Verified by National Cancer Institute (NCI), November 2008
First Received: June 2, 2000   Last Updated: February 7, 2009   History of Changes
Sponsored by: New Approaches to Neuroblastoma Therapy Consortium
Information provided by: National Cancer Institute (NCI)
ClinicalTrials.gov Identifier: NCT00005835
  Purpose

RATIONALE: Drugs used in chemotherapy use different ways to stop tumor cells from dividing so they stop growing or die. Combining chemotherapy with bone marrow or peripheral stem cell transplantation may allow the doctor to give higher doses of chemotherapy drugs and kill more tumor cells.

PURPOSE: Phase I trial to study the effectiveness of melphalan and buthionine sulfoximine followed by bone marrow or peripheral stem cell transplantation in treating children who have resistant or recurrent neuroblastoma.

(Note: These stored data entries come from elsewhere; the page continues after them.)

lemma factor_comp_in_factor_hom:
  assumes f: "f \<in> factor_hom T a b c i j" and g: "g \<in> factor_hom T a b c j k"
    and pos: "a k \<ge> 1" "b i \<ge> 1"
  shows "factor_comp g f \<in> factor_hom T a b c i k"
proof (cases "f = Ident \<or> g = Ident")
  case True
  then show ?thesis using f g by (auto simp: factor_comp_def Ident_in_factor_hom)
next
  case False
  then show ?thesis
    using left_factor_less[OF g _ pos(1)] right_factor_less[OF f _ pos(2)]
    by (simp add: factor_comp_def Factor_in_factor_hom)
qed

lemma factor_comp_id_left:
  assumes "f \<in> factor_hom T a b c i j" and "T j \<Longrightarrow> a j = 1 \<and> c i j = 0"
  shows "factor_comp (factor_id T j) f = f"
proof (cases "T j")
  case True
  then obtain r where "f = Factor 0 r" using factor_hom_into_trivial assms by blast
  then show ?thesis using True by (simp add: factor_comp_def factor_id_def)
qed (simp add: factor_comp_def factor_id_def)

lemma factor_comp_id_right:
  assumes "f \<in> factor_hom T a b c i j" and "T i \<Longrightarrow> b i = 1 \<and> c i j = 0"
  shows "factor_comp f (factor_id T i) = f"
proof (cases "T i")
  case True
  then obtain s where "f = Factor s 0" using factor_hom_out_of_trivial assms by blast
  then show ?thesis using True by (simp add: factor_comp_def factor_id_def)
qed (simp add: factor_comp_def factor_id_def)

lemma factor_category_on:
  assumes pos: "\<And>k. k < n \<Longrightarrow> a k \<ge> 1 \<and> b k \<ge> 1"
    and trivial: "\<And>j. j < n \<Longrightarrow> T j \<Longrightarrow> a j = 1 \<and> b j = 1"
    and no_extra: "\<And>j k. j < n \<Longrightarrow> k < n \<Longrightarrow> T j \<or> T k \<Longrightarrow> c j k = 0"
  shows "category_on n (factor_hom T a b c) (factor_id T) (\<lambda>_ _ _. factor_comp)"
proof (unfold_locales)
  show "factor_id T i \<in> factor_hom T a b c i i" if "i < n" for i
    using trivial that by (simp add: factor_id_def Ident_in_factor_hom Factor_in_factor_hom)
  show "factor_comp g f \<in> factor_hom T a b c i k"
    if "i < n" "k < n" "f \<in> factor_hom T a b c i j" "g \<in> factor_hom T a b c j k" for i j k f g
    using factor_comp_in_factor_hom pos that by blast
  show "factor_comp h (factor_comp g f) = factor_comp (factor_comp h g) f" for f g h
    by (rule factor_comp_assoc)
  show "factor_comp (factor_id T j) f = f"
    if "i < n" "j < n" "f \<in> factor_hom T a b c i j" for i j f
    using factor_comp_id_left trivial no_extra that by blast
  show "factor_comp f (factor_id T i) = f"
    if "i < n" "j < n" "f \<in> factor_hom T a b c i j" for i j f
    using factor_comp_id_right trivial no_extra that by blast
qed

Condition Intervention Phase
Neuroblastoma
Biological: filgrastim
Drug: buthionine sulfoximine
Drug: melphalan
Procedure: autologous bone marrow transplantation
Procedure: peripheral blood stem cell transplantation
Phase I

MedlinePlus related topics: Bone Marrow Transplantation Cancer Neuroblastoma
Drug Information available for: Filgrastim Melphalan Sarcolysin Melphalan hydrochloride Buthionine sulfoximine
U.S. FDA Resources
Study Type: Interventional
Study Design: Treatment
Official Title: Modulation of Intensive Melphalan (L-PAM) by Buthionine Sulfoximine (BSO) Autologous Stem Cell Support for Resistant or Recurrent High-Risk Neuroblastoma (IND 69-112)

Further study details as provided by National Cancer Institute (NCI):

Estimated Enrollment: 30
Study Start Date: August 2001
Estimated Primary Completion Date: November 2001 (Final data collection date for primary outcome measure)
Detailed Description:

OBJECTIVES:

  • Determine the maximum tolerated dose of melphalan when combined with buthionine sulfoximine and followed by autologous bone marrow or peripheral blood stem cell support in children with resistant or recurrent high-risk neuroblastoma.
  • Assess the toxic effects of this regimen in these patients.
  • Determine the pharmacokinetics of this regimen in these patients.
  • Determine the response rate of patients treated with this regimen.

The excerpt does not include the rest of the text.